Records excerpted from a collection
========================================

lemma coordinates_unique:
  assumes "v \<noteq> 0" "w \<notin> line v" "a \<in> F" "b \<in> F" "a' \<in> F" "b' \<in> F"
    and "a v + b w = a' v + b' w"
  shows "a = a'" "b = b'"
proof -
  define c d where "c = (\<lambda>x. a x + a' x)" and "d = (\<lambda>x. b x + b' x)"
  have cd: "c \<in> F" "d \<in> F" using assms(3-6) add_in_F by (simp_all add: c_def d_def)
  have "c v + d w = (a v + b w) + (a' v + b' w)"
    by (simp add: c_def d_def algebra_simps)
  then have cd_eq: "c v + d w = 0"
    using assms(7) add_eq_0_iff_eq by simp
  have "d = (\<lambda>_. 0)"
  proof (rule ccontr)
    assume "d \<noteq> (\<lambda>_. 0)"
    then obtain d' where d': "d' \<in> F" "\<And>x. d' (d x) = x" using F_left_inverse cd(2) by blast
    have "d w = c v" using cd_eq add_eq_0_iff_eq by (simp add: add.commute)
    then have "w = (d' \<circ> c) v" using d'(2)[of w] by simp
    then show False using assms(2) scalar_in_line[OF comp_in_F[OF d'(1) cd(1)], of v] by simp
  qed
  moreover from this have "c = (\<lambda>_. 0)"
    using cd_eq scalar_eq_zero_if_kills[OF cd(1) assms(1)] by simp
  ultimately show "a = a'" "b = b'"
    by (auto simp: c_def d_def fun_eq_iff add_eq_0_iff_eq)
qed

lemma coordinates_exist:
  assumes "v \<noteq> 0" "w \<notin> line v"
  obtains a b where "a \<in> F" "b \<in> F" "x = a v + b w"
proof -
  let ?m = "\<lambda>(a, b). a v + b w"
  have "inj_on ?m (F \<times> F)"
    using coordinates_unique[OF assms] by (auto simp: inj_on_def)
  then have "card (?m ` (F \<times> F)) = card (F \<times> F)" by (rule card_image)
  then have "card (?m ` (F \<times> F)) = card (UNIV :: 'v set)"
    using card_UNIV by (simp add: card_cartesian_product power2_eq_square)
  then have "?m ` (F \<times> F) = UNIV" by (intro card_subset_eq) auto
  then have "x \<in> ?m ` (F \<times> F)" by simp
  then obtain p where "x = ?m p" "p \<in> F \<times> F" by (rule imageE)
  then show ?thesis using that by (cases p) auto
qed

lemma End_G_F_eq_on_basis:
  assumes "v \<noteq> 0" "w \<notin> line v" "f \<in> End_G F" "h \<in> End_G F" "f v = h v" "f w = h w"
  shows "f = h"
proof
  fix x
  obtain a b where ab: "a \<in> F" "b \<in> F" "x = a v + b w" using coordinates_exist[OF assms(1,2)] .
  show "f x = h x"
    using assms(3-6) ab by (simp add: mem_End_G_iff additive_apply)
qed

lemma image_line: "g \<in> End_G F \<Longrightarrow> g ` line v = line (g v)"
  unfolding line_def image_image by (intro image_cong) (auto simp: mem_End_G_iff)

lemma F_stable_subspace_eq_UNIV:
  assumes "F2_subspace W" "\<forall>a\<in>F. a ` W \<subseteq> W" "v \<in> W" "v \<noteq> 0" "\<not> W \<subseteq> line v"
  shows "W = UNIV"
proof -
  obtain w where w: "w \<in> W" "w \<notin> line v" using assms(5) by blast
  have "x \<in> W" for x
  proof -
    obtain a b where "a \<in> F" "b \<in> F" "x = a v + b w" using coordinates_exist[OF assms(4) w(2)] .
    moreover have "a v \<in> W" "b w \<in> W" using assms(2,3) w(1) \<open>a \<in> F\<close> \<open>b \<in> F\<close> by blast+
    ultimately show ?thesis using assms(1) by (simp add: F2_subspace_def)
  qed
  then show ?thesis by blast
qed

========================================

▸ WORK REQUEST: Starting at the first line of the records above, please copy each line exactly until you reach the line containing "moreover from this". Include that line and stop there.

▸ EXERCISE RESULT:
lemma coordinates_unique:
  assumes "v \<noteq> 0" "w \<notin> line v" "a \<in> F" "b \<in> F" "a' \<in> F" "b' \<in> F"
    and "a v + b w = a' v + b' w"
  shows "a = a'" "b = b'"
proof -
  define c d where "c = (\<lambda>x. a x + a' x)" and "d = (\<lambda>x. b x + b' x)"
  have cd: "c \<in> F" "d \<in> F" using assms(3-6) add_in_F by (simp_all add: c_def d_def)
  have "c v + d w = (a v + b w) + (a' v + b' w)"
    by (simp add: c_def d_def algebra_simps)
  then have cd_eq: "c v + d w = 0"
    using assms(7) add_eq_0_iff_eq by simp
  have "d = (\<lambda>_. 0)"
  proof (rule ccontr)
    assume "d \<noteq> (\<lambda>_. 0)"
    then obtain d' where d': "d' \<in> F" "\<And>x. d' (d x) = x" using F_left_inverse cd(2) by blast
    have "d w = c v" using cd_eq add_eq_0_iff_eq by (simp add: add.commute)
    then have "w = (d' \<circ> c) v" using d'(2)[of w] by simp
    then show False using assms(2) scalar_in_line[OF comp_in_F[OF d'(1) cd(1)], of v] by simp
  qed
  moreover from this have "c = (\<lambda>_. 0)"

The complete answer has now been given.